- **Aim of the task**
Take the entries below and print only the lines from the one with "(\<lambda>t. \<integral>\<omega>. real" through the one with "t (\<lambda>d. (norm", exactly as they stand, both ends included.

··· Information shown ···

lemma integrable_draw:
  fixes H :: "(nat \<Rightarrow> 'n \<Rightarrow> nat) \<Rightarrow> nat \<Rightarrow> real"
  assumes p: "\<And>k. determined_before t (\<lambda>d. H d k)"
  shows "integrable M (\<lambda>\<omega>. H (draws \<omega>) (draws \<omega> t n))"
proof -
  have "integrable M (\<lambda>\<omega>. \<Sum>k<q n. \<Sum>c\<in>configs t. indicator (draw_event t n k \<inter> cylinder t c) \<omega> * H c k)"
    by (intro Bochner_Integration.integrable_sum) (auto intro!: integrable_mult_left integrable_real_indicator sets.Int draw_event_sets cylinder_sets intro: emeasure_lt_top)
  then show ?thesis by (rule Bochner_Integration.integrable_cong[THEN iffD1, rotated -1]) (auto intro: draw_decomp[OF p, symmetric])
qed

lemma integral_draw:
  fixes H :: "(nat \<Rightarrow> 'n \<Rightarrow> nat) \<Rightarrow> nat \<Rightarrow> real"
  assumes p: "\<And>k. determined_before t (\<lambda>d. H d k)"
  shows "(\<integral>\<omega>. H (draws \<omega>) (draws \<omega> t n) \<partial>M)
      = (\<integral>\<omega>. (1 / real (q n)) * (\<Sum>k<q n. H (draws \<omega>) k) \<partial>M)"
proof -
  have ii: "integrable M (\<lambda>\<omega>. indicator (draw_event t n k \<inter> cylinder t c) \<omega> * H c k)" if "k < q n" "c \<in> configs t" for k c
    using that by (auto intro!: integrable_mult_left integrable_real_indicator sets.Int draw_event_sets cylinder_sets intro: emeasure_lt_top)
  have "(\<integral>\<omega>. H (draws \<omega>) (draws \<omega> t n) \<partial>M)
      = (\<integral>\<omega>. (\<Sum>k<q n. \<Sum>c\<in>configs t. indicator (draw_event t n k \<inter> cylinder t c) \<omega> * H c k) \<partial>M)"
    by (rule Bochner_Integration.integral_cong) (auto intro: draw_decomp[OF p])
  also have "\<dots> = (\<Sum>k<q n. \<integral>\<omega>. (\<Sum>c\<in>configs t. indicator (draw_event t n k \<inter> cylinder t c) \<omega> * H c k) \<partial>M)"
    by (rule Bochner_Integration.integral_sum) (use ii in \<open>auto intro!: Bochner_Integration.integrable_sum\<close>)
  also have "\<dots> = (\<Sum>k<q n. \<Sum>c\<in>configs t. \<integral>\<omega>. indicator (draw_event t n k \<inter> cylinder t c) \<omega> * H c k \<partial>M)"
    by (rule sum.cong[OF refl], rule Bochner_Integration.integral_sum) (use ii in auto)
  also have "\<dots> = (\<Sum>k<q n. \<Sum>c\<in>configs t. prob (draw_event t n k \<inter> cylinder t c) * H c k)"
  proof (intro sum.cong refl)
    fix k c assume kc: "k \<in> {..<q n}" "c \<in> configs t"
    have S: "draw_event t n k \<inter> cylinder t c \<in> sets M"
      using kc by (auto intro!: sets.Int draw_event_sets cylinder_sets)
    have "(\<integral>\<omega>. indicator (draw_event t n k \<inter> cylinder t c) \<omega> * H c k \<partial>M)
        = (\<integral>\<omega>. indicator (draw_event t n k \<inter> cylinder t c) \<omega> \<partial>M) * H c k"
      by (rule Bochner_Integration.integral_mult_left) (auto intro!: integrable_real_indicator S intro: emeasure_lt_top)
    also have "(\<integral>\<omega>. indicator (draw_event t n k \<inter> cylinder t c) \<omega> \<partial>M)
        = prob (draw_event t n k \<inter> cylinder t c)"
      using S by (simp add: integral_indicator sets.Int_space_eq2)
    finally show "(\<integral>\<omega>. indicator (draw_event t n k \<inter> cylinder t c) \<omega> * H c k \<partial>M) = prob (draw_event t n k \<inter> cylinder t c) * H c k" .
  qed
  also have "\<dots> = (\<Sum>k<q n. (1 / real (q n)) * (\<Sum>c\<in>configs t. prob (cylinder t c) * H c k))"
    by (intro sum.cong refl) (simp add: prob_draw_event_cylinder sum_distrib_left)
  also have "\<dots> = (\<Sum>k<q n. (1 / real (q n)) * (\<integral>\<omega>. H (draws \<omega>) k \<partial>M))"
    by (intro sum.cong refl) (simp add: integral_determined[OF p])
  also have "\<dots> = (1 / real (q n)) * (\<Sum>k<q n. (\<integral>\<omega>. H (draws \<omega>) k \<partial>M))"
    by (simp add: sum_distrib_left)
  also have "\<dots> = (1 / real (q n)) * (\<integral>\<omega>. (\<Sum>k<q n. H (draws \<omega>) k) \<partial>M)"
    by (subst Bochner_Integration.integral_sum) (auto intro: integrable_determined[OF p])
  also have "\<dots> = (\<integral>\<omega>. (1 / real (q n)) * (\<Sum>k<q n. H (draws \<omega>) k) \<partial>M)"
    by (rule Bochner_Integration.integral_mult_right[symmetric]) (auto intro: integrable_determined[OF p])
  finally show ?thesis .
qed


lemma expected_drift_nonpos:
  fixes h :: "(nat \<Rightarrow> 'n \<Rightarrow> nat) \<Rightarrow> nat \<Rightarrow> real"
  assumes hp: "\<And>k. determined_before t (\<lambda>d. h d k)"
    and avg: "\<And>d. (1 / real (q n)) * (\<Sum>k<q n. h d k) \<le> 0"
  shows "(\<integral>\<omega>. h (draws \<omega>) (draws \<omega> t n) \<partial>M) \<le> 0"
proof -
  have "(\<integral>\<omega>. h (draws \<omega>) (draws \<omega> t n) \<partial>M)
      = (\<integral>\<omega>. (1 / real (q n)) * (\<Sum>k<q n. h (draws \<omega>) k) \<partial>M)"
    by (rule integral_draw[OF hp])
  also have "\<dots> \<le> (\<integral>\<omega>. 0 \<partial>M)"
  proof (rule Bochner_Integration.integral_mono)
    show "integrable M (\<lambda>\<omega>. (1 / real (q n)) * (\<Sum>k<q n. h (draws \<omega>) k))"
      by (intro integrable_mult_right Bochner_Integration.integrable_sum integrable_determined[OF hp])
    show "(1 / real (q n)) * (\<Sum>k<q n. h (draws \<omega>) k) \<le> 0" for \<omega> by (rule avg)
  qed simp
  finally show ?thesis by simp
qed

lemma expected_geometric_decay:
  fixes V :: "(nat \<Rightarrow> 'n \<Rightarrow> nat) \<Rightarrow> nat \<Rightarrow> real" and h :: "(nat \<Rightarrow> 'n \<Rightarrow> nat) \<Rightarrow> nat \<Rightarrow> 'n \<Rightarrow> nat \<Rightarrow> real"
  assumes Vp: "\<And>t. determined_before t (\<lambda>d. V d t)" and hp: "\<And>t n k. determined_before t (\<lambda>d. h d t n k)"
    and step: "\<And>d t. (\<And>s m. d s m < q m) \<Longrightarrow> (1 + \<delta>) * V d (Suc t) \<le> V d t
        + (\<Sum>n\<in>UNIV. h d t n (d t n))"
    and avg: "\<And>d t n. (1 / real (q n)) * (\<Sum>k<q n. h d t n k) \<le> 0" and \<delta>: "\<delta> > 0"
  shows "(\<integral>\<omega>. V (draws \<omega>) t \<partial>M)
      \<le> (\<integral>\<omega>. V (draws \<omega>) 0 \<partial>M) / (1 + \<delta>)^t"
proof (induction t)
  case 0 then show ?case by simp
next
  case (Suc t)
  have iV: "integrable M (\<lambda>\<omega>. V (draws \<omega>) u)" for u by (rule integrable_determined[OF Vp])
  have ih: "integrable M (\<lambda>\<omega>. h (draws \<omega>) t n (draws \<omega> t n))" for n
    by (rule integrable_draw[where H="\<lambda>d k. h d t n k"]) (rule hp)
  have "(1 + \<delta>) * (\<integral>\<omega>. V (draws \<omega>) (Suc t) \<partial>M)
      = (\<integral>\<omega>. (1 + \<delta>) * V (draws \<omega>) (Suc t) \<partial>M)"
    by (rule Bochner_Integration.integral_mult_right[symmetric]) (rule iV)
  also have "\<dots> \<le> (\<integral>\<omega>. V (draws \<omega>) t + (\<Sum>n\<in>UNIV. h (draws \<omega>) t n (draws \<omega> t n)) \<partial>M)"
    by (rule Bochner_Integration.integral_mono)
      (auto intro!: Bochner_Integration.integrable_add Bochner_Integration.integrable_sum iV ih step draws_lt)
  also have "\<dots> = (\<integral>\<omega>. V (draws \<omega>) t \<partial>M)
      + (\<Sum>n\<in>UNIV. \<integral>\<omega>. h (draws \<omega>) t n (draws \<omega> t n) \<partial>M)"
    by (subst Bochner_Integration.integral_add)
      (auto intro!: iV ih Bochner_Integration.integrable_sum Bochner_Integration.integral_sum)
  also have "\<dots> \<le> (\<integral>\<omega>. V (draws \<omega>) t \<partial>M)"
    using expected_drift_nonpos[where h="\<lambda>d k. h d t _ k", OF hp avg] by (simp add: sum_nonpos)
  also have "\<dots> \<le> (\<integral>\<omega>. V (draws \<omega>) 0 \<partial>M) / (1 + \<delta>)^t" by (rule Suc.IH)
  finally have "(\<integral>\<omega>. V (draws \<omega>) (Suc t) \<partial>M)
      \<le> (\<integral>\<omega>. V (draws \<omega>) 0 \<partial>M) / (1 + \<delta>)^t / (1 + \<delta>)"
    using \<delta> by (simp add: pos_le_divide_eq mult_ac)
  then show ?case by (simp add: divide_divide_eq_left mult.commute)
qed

lemma AE_rate_of_geometric_mean:
  fixes F :: "nat \<Rightarrow> (nat \<Rightarrow> 'n \<Rightarrow> nat) \<Rightarrow> real"
  assumes Fp: "\<And>t. determined_before t (F t)" and F0: "\<And>t d. 0 \<le> F t d"
    and Fb: "\<And>t. (\<integral>\<omega>. F t (draws \<omega>) \<partial>M) \<le> C * \<rho>^t" and r: "0
        \<le> \<rho>" "\<rho> < 1"
  shows "AE \<omega> in M. (\<lambda>t. F t (draws \<omega>)) \<longlonglongrightarrow> 0
      \<and> (\<lambda>t. F t (draws \<omega>)) \<in> O(\<lambda>t. 1 / real t)"
proof -
  have "summable (\<lambda>t. real t * \<rho>^t * C)"
    using summable_of_nat_mult_power[OF r] by (rule summable_mult2)
  moreover have "norm (\<integral>\<omega>. real t * F t (draws \<omega>) \<partial>M) \<le> real t * \<rho>^t * C" for t
  proof -
    have "0 \<le> (\<integral>\<omega>. F t (draws \<omega>) \<partial>M)"
      by (rule Bochner_Integration.integral_nonneg) (simp add: F0)
    moreover have "(\<integral>\<omega>. real t * F t (draws \<omega>) \<partial>M)
        = real t * (\<integral>\<omega>. F t (draws \<omega>) \<partial>M)"
      by (rule Bochner_Integration.integral_mult_right) (rule integrable_determined[OF Fp])
    ultimately show ?thesis using mult_left_mono[OF Fb[of t], of "real t"] by (simp add: mult_ac)
  qed
  ultimately have "summable (\<lambda>t. \<integral>\<omega>. real t * F t (draws \<omega>) \<partial>M)"
    by (rule summable_comparison_test'[where N=0])
  then have "AE \<omega> in M. summable (\<lambda>t. real t * F t (draws \<omega>))"
    by (rule AE_summable_of_summable_integral[where g="\<lambda>t \<omega>. real t * F t (draws \<omega>)"])
      (simp_all add: integrable_determined[OF Fp] F0)
  then show ?thesis
  proof eventually_elim
    case (elim \<omega>)
    show ?case using tendsto_zero_and_bigo_of_summable_mult[OF F0 elim] by blast
  qed
qed

end

lemma tendsto_of_norm_diff_sq:
  fixes z :: "nat \<Rightarrow> 'a::real_normed_vector"
  assumes "(\<lambda>t. (norm (z t - x))\<^sup>2) \<longlonglongrightarrow> 0"
  shows "z \<longlonglongrightarrow> x"
proof -
  have "(\<lambda>t. sqrt ((norm (z t - x))\<^sup>2)) \<longlonglongrightarrow> sqrt 0" using assms by (rule tendsto_real_sqrt)
  then have "(\<lambda>t. z t - x) \<longlonglongrightarrow> 0" by (simp add: tendsto_norm_zero_iff)
  then show ?thesis by (rule LIM_zero_cancel)
qed

locale dsa_random = dsa_setting W Wt q f grad \<mu> L \<eta> \<alpha> xstar x0 + random_draws M I q
  for W Wt :: "'n::finite \<Rightarrow> 'n \<Rightarrow> real" and q :: "'n \<Rightarrow> nat"
    and f :: "'n \<Rightarrow> nat \<Rightarrow> 'a::euclidean_space \<Rightarrow> real" and grad :: "'n \<Rightarrow> nat \<Rightarrow> 'a \<Rightarrow> 'a"
    and \<mu> L \<eta> \<alpha> :: real and xstar :: 'a and x0 :: "'n \<Rightarrow> 'a"
    and M :: "'w measure" and I :: "nat \<Rightarrow> 'n \<Rightarrow> 'w \<Rightarrow> nat"
begin

lemma err_sq_determined: "determined_before t (\<lambda>d. (norm (X d t n - xstar))\<^sup>2)"
  unfolding determined_before_def by (metis X_cong_past)

lemma expected_err_sq_geometric:
  obtains C \<rho> :: real where "0 \<le> \<rho>" "\<rho> < 1"
    "\<And>t. (\<integral>\<omega>. (norm (X (draws \<omega>) t n - xstar))\<^sup>2 \<partial>M) \<le> C * \<rho>^t"
proof -
  obtain \<delta> cp where params: "lyap_params \<delta> cp" using lyap_constants by blast
  then have \<delta>cp: "\<delta> > 0" "cp \<ge> 0" by (auto simp: lyap_params_def)
  define \<gamma> where "\<gamma> = min_eig_kron Wt TYPE('a)"
  have "\<gamma> > 0" unfolding \<gamma>_def by (rule gamma_pos)
  define C0 where "C0 = (\<integral>\<omega>. lyap cp (draws \<omega>) 0 \<partial>M)"
  have lyap_before: "determined_before t (\<lambda>d. lyap cp d t)" for t
    unfolding determined_before_def using lyap_cong_past by blast
  have decay: "(\<integral>\<omega>. lyap cp (draws \<omega>) t \<partial>M) \<le> C0 / (1 + \<delta>)^t" for t
    unfolding C0_def
  proof (rule expected_geometric_decay[OF lyap_before _ _ _ \<delta>cp(1)])
    show "determined_before t (\<lambda>d. drift \<delta> cp d t n k)" for t n k
      unfolding determined_before_def using drift_cong_past by blast
    show "(1 + \<delta>) * lyap cp d (Suc t) \<le> lyap cp d t + (\<Sum>n\<in>UNIV. drift \<delta> cp d t n (d t n))" for d t
      by (rule lyap_drift_step[OF params])
    show "(1 / real (q n)) * (\<Sum>k<q n. drift \<delta> cp d t n k) \<le> 0" for d t n
      by (rule avg_drift_nonpos[OF params])
  qed
  have "(\<integral>\<omega>. (norm (X (draws \<omega>) t n - xstar))\<^sup>2 \<partial>M)
      \<le> (C0 / \<gamma>) * (1 / (1 + \<delta>))^t" for t
  proof -
    have "(\<integral>\<omega>. (norm (X (draws \<omega>) t n - xstar))\<^sup>2 \<partial>M)
        \<le> (\<integral>\<omega>. lyap cp (draws \<omega>) t / \<gamma> \<partial>M)"
    proof (rule integral_mono)
      show "integrable M (\<lambda>\<omega>. (norm (X (draws \<omega>) t n - xstar))\<^sup>2)"
        by (rule integrable_determined[OF err_sq_determined])
      show "integrable M (\<lambda>\<omega>. lyap cp (draws \<omega>) t / \<gamma>)"
        using integrable_determined[OF lyap_before] by simp
      show "(norm (X (draws \<omega>) t n - xstar))\<^sup>2 \<le> lyap cp (draws \<omega>) t / \<gamma>" for \<omega>
        unfolding \<gamma>_def by (rule err_sq_le_lyap[OF \<delta>cp(2)])
    qed
    also have "\<dots> = (\<integral>\<omega>. lyap cp (draws \<omega>) t \<partial>M) / \<gamma>" by simp
    also have "\<dots> \<le> (C0 / (1 + \<delta>)^t) / \<gamma>"
      by (rule divide_right_mono[OF decay]) (use \<open>\<gamma> > 0\<close> in linarith)
    also have "\<dots> = (C0 / \<gamma>) * (1 / (1 + \<delta>))^t" by (simp add: power_divide)
    finally show ?thesis .
  qed
  then show ?thesis using that[of "1 / (1 + \<delta>)" "C0 / \<gamma>"] \<delta>cp(1) by auto
qed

···

- **Result of the exercise**
  ultimately have "summable (\<lambda>t. \<integral>\<omega>. real t * F t (draws \<omega>) \<partial>M)"
    by (rule summable_comparison_test'[where N=0])
  then have "AE \<omega> in M. summable (\<lambda>t. real t * F t (draws \<omega>))"
    by (rule AE_summable_of_summable_integral[where g="\<lambda>t \<omega>. real t * F t (draws \<omega>)"])
      (simp_all add: integrable_determined[OF Fp] F0)
  then show ?thesis
  proof eventually_elim
    case (elim \<omega>)
    show ?case using tendsto_zero_and_bigo_of_summable_mult[OF F0 elim] by blast
  qed
qed

end

lemma tendsto_of_norm_diff_sq:
  fixes z :: "nat \<Rightarrow> 'a::real_normed_vector"
  assumes "(\<lambda>t. (norm (z t - x))\<^sup>2) \<longlonglongrightarrow> 0"
  shows "z \<longlonglongrightarrow> x"
proof -
  have "(\<lambda>t. sqrt ((norm (z t - x))\<^sup>2)) \<longlonglongrightarrow> sqrt 0" using assms by (rule tendsto_real_sqrt)
  then have "(\<lambda>t. z t - x) \<longlonglongrightarrow> 0" by (simp add: tendsto_norm_zero_iff)
  then show ?thesis by (rule LIM_zero_cancel)
qed

locale dsa_random = dsa_setting W Wt q f grad \<mu> L \<eta> \<alpha> xstar x0 + random_draws M I q
  for W Wt :: "'n::finite \<Rightarrow> 'n \<Rightarrow> real" and q :: "'n \<Rightarrow> nat"
    and f :: "'n \<Rightarrow> nat \<Rightarrow> 'a::euclidean_space \<Rightarrow> real" and grad :: "'n \<Rightarrow> nat \<Rightarrow> 'a \<Rightarrow> 'a"
    and \<mu> L \<eta> \<alpha> :: real and xstar :: 'a and x0 :: "'n \<Rightarrow> 'a"
    and M :: "'w measure" and I :: "nat \<Rightarrow> 'n \<Rightarrow> 'w \<Rightarrow> nat"
begin

lemma err_sq_determined: "determined_before t (\<lambda>d. (norm (X d t n - xstar))\<^sup>2)"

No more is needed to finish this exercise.